-- Input for this task follows --
lemma wls_proj_eq_normal_solution:
  fixes \<phi> :: "'m::finite \<Rightarrow> 'a \<Rightarrow> real"
  assumes w_pos: "\<And>x. w x > 0"
    and pd: "\<And>c. c \<noteq> 0 \<Longrightarrow> 0 < c \<bullet> (emp_gram w \<phi> n p *v c)"
    and normal: "emp_gram w \<phi> n p *v c = emp_rhs w \<phi> n p h"
  shows "wls_proj w \<phi> n p h = vm_elem \<phi> c"
proof -
  let ?F = "\<lambda>d. emp_inner w n p (\<lambda>x. h x - vm_elem \<phi> d x) (\<lambda>x. h x - vm_elem \<phi> d x)"
  have psd: "0 \<le> e \<bullet> (emp_gram w \<phi> n p *v e)" for e
    using pd[of e] by (cases "e = 0") auto
  have F_ge: "?F c \<le> ?F d" for d
    using emp_inner_residual_pythagoras[OF normal, of d] psd[of "d - c"] by linarith
  have F_eq: "d = c" if "?F d \<le> ?F c" for d
  proof -
    have "(d - c) \<bullet> (emp_gram w \<phi> n p *v (d - c)) \<le> 0"
      using emp_inner_residual_pythagoras[OF normal, of d] that by linarith
    then have "d - c = 0"
      using pd[of "d - c"] by (meson not_le)
    then show ?thesis
      by simp
  qed
  show ?thesis
    unfolding wls_proj_def
  proof (rule the_equality)
    show "(\<exists>c'. vm_elem \<phi> c = vm_elem \<phi> c')
        \<and> (\<forall>d. emp_norm w n p (\<lambda>x. h x - vm_elem \<phi> c x) \<le> emp_norm w n p (\<lambda>x. h x - vm_elem \<phi> d x))"
      by (auto simp: emp_norm_eq_sqrt_emp_inner intro: F_ge)
  next
    fix g
    assume "(\<exists>c'. g = vm_elem \<phi> c')
      \<and> (\<forall>d. emp_norm w n p (\<lambda>x. h x - g x) \<le> emp_norm w n p (\<lambda>x. h x - vm_elem \<phi> d x))"
    then obtain d where d: "g = vm_elem \<phi> d" and "emp_norm w n p (\<lambda>x. h x - g x) \<le> emp_norm w n p (\<lambda>x. h x - vm_elem \<phi> c x)"
      by blast
    then have "?F d \<le> ?F c"
      using emp_inner_self_nonneg[of w, OF w_pos] by (simp add: emp_norm_eq_sqrt_emp_inner)
    then show "g = vm_elem \<phi> c"
      using F_eq d by blast
  qed
qed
-- Input for this task concluded --
Directions: Would you retype all of the data exactly as shown?

Final answer:
lemma wls_proj_eq_normal_solution:
  fixes \<phi> :: "'m::finite \<Rightarrow> 'a \<Rightarrow> real"
  assumes w_pos: "\<And>x. w x > 0"
    and pd: "\<And>c. c \<noteq> 0 \<Longrightarrow> 0 < c \<bullet> (emp_gram w \<phi> n p *v c)"
    and normal: "emp_gram w \<phi> n p *v c = emp_rhs w \<phi> n p h"
  shows "wls_proj w \<phi> n p h = vm_elem \<phi> c"
proof -
  let ?F = "\<lambda>d. emp_inner w n p (\<lambda>x. h x - vm_elem \<phi> d x) (\<lambda>x. h x - vm_elem \<phi> d x)"
  have psd: "0 \<le> e \<bullet> (emp_gram w \<phi> n p *v e)" for e
    using pd[of e] by (cases "e = 0") auto
  have F_ge: "?F c \<le> ?F d" for d
    using emp_inner_residual_pythagoras[OF normal, of d] psd[of "d - c"] by linarith
  have F_eq: "d = c" if "?F d \<le> ?F c" for d
  proof -
    have "(d - c) \<bullet> (emp_gram w \<phi> n p *v (d - c)) \<le> 0"
      using emp_inner_residual_pythagoras[OF normal, of d] that by linarith
    then have "d - c = 0"
      using pd[of "d - c"] by (meson not_le)
    then show ?thesis
      by simp
  qed
  show ?thesis
    unfolding wls_proj_def
  proof (rule the_equality)
    show "(\<exists>c'. vm_elem \<phi> c = vm_elem \<phi> c')
        \<and> (\<forall>d. emp_norm w n p (\<lambda>x. h x - vm_elem \<phi> c x) \<le> emp_norm w n p (\<lambda>x. h x - vm_elem \<phi> d x))"
      by (auto simp: emp_norm_eq_sqrt_emp_inner intro: F_ge)
  next
    fix g
    assume "(\<exists>c'. g = vm_elem \<phi> c')
      \<and> (\<forall>d. emp_norm w n p (\<lambda>x. h x - g x) \<le> emp_norm w n p (\<lambda>x. h x - vm_elem \<phi> d x))"
    then obtain d where d: "g = vm_elem \<phi> d" and "emp_norm w n p (\<lambda>x. h x - g x) \<le> emp_norm w n p (\<lambda>x. h x - vm_elem \<phi> c x)"
      by blast
    then have "?F d \<le> ?F c"
      using emp_inner_self_nonneg[of w, OF w_pos] by (simp add: emp_norm_eq_sqrt_emp_inner)
    then show "g = vm_elem \<phi> c"
      using F_eq d by blast
  qed
qed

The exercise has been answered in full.